[P2P-F] Fwd: Ancient Athens didn't have politicians. Is there a lesson for us?

Apostolis Xekoukoulotakis xekoukou at gmail.com
Mon Jan 14 15:48:23 CET 2013


A)Yea, I agree. In order to have accountability and a two-way
communication, I think that we'd better split distant trust relations into
many strong close relations.

For example, I like the ideas of a person, but i cant communicate with him,
nor does he care for my opinion.
That person might have people that work with him and trust him. One of them
is trusted by one of my friends. I d better create a link with that friend
of mine, than a direct link.
This way, we can turn an impersonal link into a personal one.

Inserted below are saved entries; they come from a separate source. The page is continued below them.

(* Let $G$ be a graph on $n$ vertices belonging to $\mathcal{H}_7^{+}$, and let $\alpha$ be its corner rank. Then (i) $G^{(\alpha-3)}$ is (isomorphic to) $H_7$; (ii) $G$ is of type 1; (iii) the capture time of $G$ is $n-4$.
   Context: All graphs are finite, nonempty, and reflexive (every vertex has a loop). $N[v]$ is the closed neighborhood of $v$ (including $v$). For distinct $v,w$, $w$ strictly corners $v$ if $N[v]\subsetneq N[w]$; $v$ is then a strict corner. A vertex dominates a set if adjacent to all its vertices. Corner ranking: set $G^{(1)}=G$, $k=1$. If $G^{(k)}$ is a clique, give all its vertices rank $k$ and stop. Else if $G^{(k)}$ has no strict corners, give all its vertices rank $\infty$ and stop. Else give every strict corner of $G^{(k)}$ rank $k$, delete them to get $G^{(k+1)}$ (induced subgraph), increase $k$ and repeat. The corner rank is the largest rank of a vertex; $X_k$ is the set of rank-$k$ vertices. A graph of finite corner rank $\alpha\ge2$ is of type 1 if some (equivalently every) vertex of rank $\alpha$ dominates $V(G^{(\alpha-1)})$, and of type 0 otherwise. Cops and robbers: a cop chooses a vertex, then the robber; they alternate moves, cop first, moving to an adjacent vertex or staying; the cop wins upon occupying the robber's vertex. $G$ is cop-win if the cop can force a win; its capture time is the minimum number of cop moves (not counting initial placement) that guarantees capture. (Known: $G$ is cop-win iff its corner rank is finite, and a type-$r$ graph of corner rank $\alpha$ has capture time $\alpha-r$.) The rank cardinality vector of $G$ is $(x_\alpha,\dots,x_1)$ with $x_k=|X_k|$; $G$ realizes it. $H_7$ is the graph on $a_1,a_2,b_1,b_2,c_1,c_2,d$ with edges $a_1a_2,a_1b_1,a_1b_2,a_2b_1,a_2b_2,a_2c_1,a_1c_2,b_1c_1,b_1c_2,b_1d,b_2c_1,b_2c_2,c_1d,c_2d$. For $k\ge0$, $\mathcal{H}_7^{+k}$ is the set of cop-win graphs realizing the vector $(2,2,2,1,\dots,1)$ of length $4+k$, and $\mathcal{H}_7^+=\bigcup_{k\ge0}\mathcal{H}_7^{+k}$. *)

theory Defs
  imports Main
begin

text \<open>A (finite, nonempty, reflexive, undirected) graph is given by a vertex set V
  and an adjacency relation E, which is only relevant on V.\<close>

definition graph :: "'a set \<Rightarrow> ('a \<Rightarrow> 'a \<Rightarrow> bool) \<Rightarrow> bool" where
  "graph V E \<longleftrightarrow> finite V \<and> V \<noteq> {} \<and> (\<forall>x\<in>V. E x x)
     \<and> (\<forall>x\<in>V. \<forall>y\<in>V. E x y \<longleftrightarrow> E y x)"

definition nbh :: "('a \<Rightarrow> 'a \<Rightarrow> bool) \<Rightarrow> 'a set \<Rightarrow> 'a \<Rightarrow> 'a set" where
  "nbh E S v = {w \<in> S. E v w}"

definition strict_corners :: "('a \<Rightarrow> 'a \<Rightarrow> bool) \<Rightarrow> 'a set \<Rightarrow> 'a set" where
  "strict_corners E S = {v \<in> S. \<exists>w\<in>S. w \<noteq> v \<and> nbh E S v \<subset> nbh E S w}"

definition is_clique :: "('a \<Rightarrow> 'a \<Rightarrow> bool) \<Rightarrow> 'a set \<Rightarrow> bool" where
  "is_clique E S \<longleftrightarrow> (\<forall>x\<in>S. \<forall>y\<in>S. E x y)"

text \<open>Vertex set of G^(k), for k \<ge> 1 (G^(1) = G; each step deletes all strict corners).
  Once a clique or a graph without strict corners is reached, the set stays constant.\<close>
definition Gk :: "'a set \<Rightarrow> ('a \<Rightarrow> 'a \<Rightarrow> bool) \<Rightarrow> nat \<Rightarrow> 'a set" where
  "Gk V E k = ((\<lambda>S. S - strict_corners E S) ^^ (k - 1)) V"

definition finite_corner_rank :: "'a set \<Rightarrow> ('a \<Rightarrow> 'a \<Rightarrow> bool) \<Rightarrow> bool" where
  "finite_corner_rank V E \<longleftrightarrow> (\<exists>k\<ge>1. is_clique E (Gk V E k))"

text \<open>Corner rank (meaningful when finite): the stage at which a clique is reached.\<close>
definition corner_rank :: "'a set \<Rightarrow> ('a \<Rightarrow> 'a \<Rightarrow> bool) \<Rightarrow> nat" where
  "corner_rank V E = (LEAST k. k \<ge> 1 \<and> is_clique E (Gk V E k))"

definition rank_set :: "'a set \<Rightarrow> ('a \<Rightarrow> 'a \<Rightarrow> bool) \<Rightarrow> nat \<Rightarrow> 'a set" where
  "rank_set V E k =
     (if 1 \<le> k \<and> k < corner_rank V E then Gk V E k - Gk V E (k + 1)
      else if k = corner_rank V E then Gk V E k else {})"

definition rank_vector :: "'a set \<Rightarrow> ('a \<Rightarrow> 'a \<Rightarrow> bool) \<Rightarrow> nat list" where
  "rank_vector V E = map (\<lambda>j. card (rank_set V E j)) (rev [1..<corner_rank V E + 1])"

definition realizes :: "'a set \<Rightarrow> ('a \<Rightarrow> 'a \<Rightarrow> bool) \<Rightarrow> nat list \<Rightarrow> bool" where
  "realizes V E xs \<longleftrightarrow> finite_corner_rank V E \<and> rank_vector V E = xs"

definition type1 :: "'a set \<Rightarrow> ('a \<Rightarrow> 'a \<Rightarrow> bool) \<Rightarrow> bool" where
  "type1 V E \<longleftrightarrow> finite_corner_rank V E \<and> corner_rank V E \<ge> 2 \<and>
     (\<exists>v \<in> rank_set V E (corner_rank V E). \<forall>w \<in> Gk V E (corner_rank V E - 1). E v w)"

What I d like to have would be a personal link to every expert that I need
so as that he makes the decisions for me, or that he provides me with
information so that I make the decisions.

That ,of course, requires the strengthening of our current social relations.

These are just general thoughts.

B) There are cases where "random" democracy can still work. It depends on
the context, ex enterprise department, local business, local community.

One important thing to note is that current politicians are from a
technical perspective as incompetent as any average person.
For example, what are the studies of Barack Obama? Does he have the
knowledge to decide on economics?

Thus, the funny thing is that even with the current structure of the state,
having random people in political positions will be much better than today.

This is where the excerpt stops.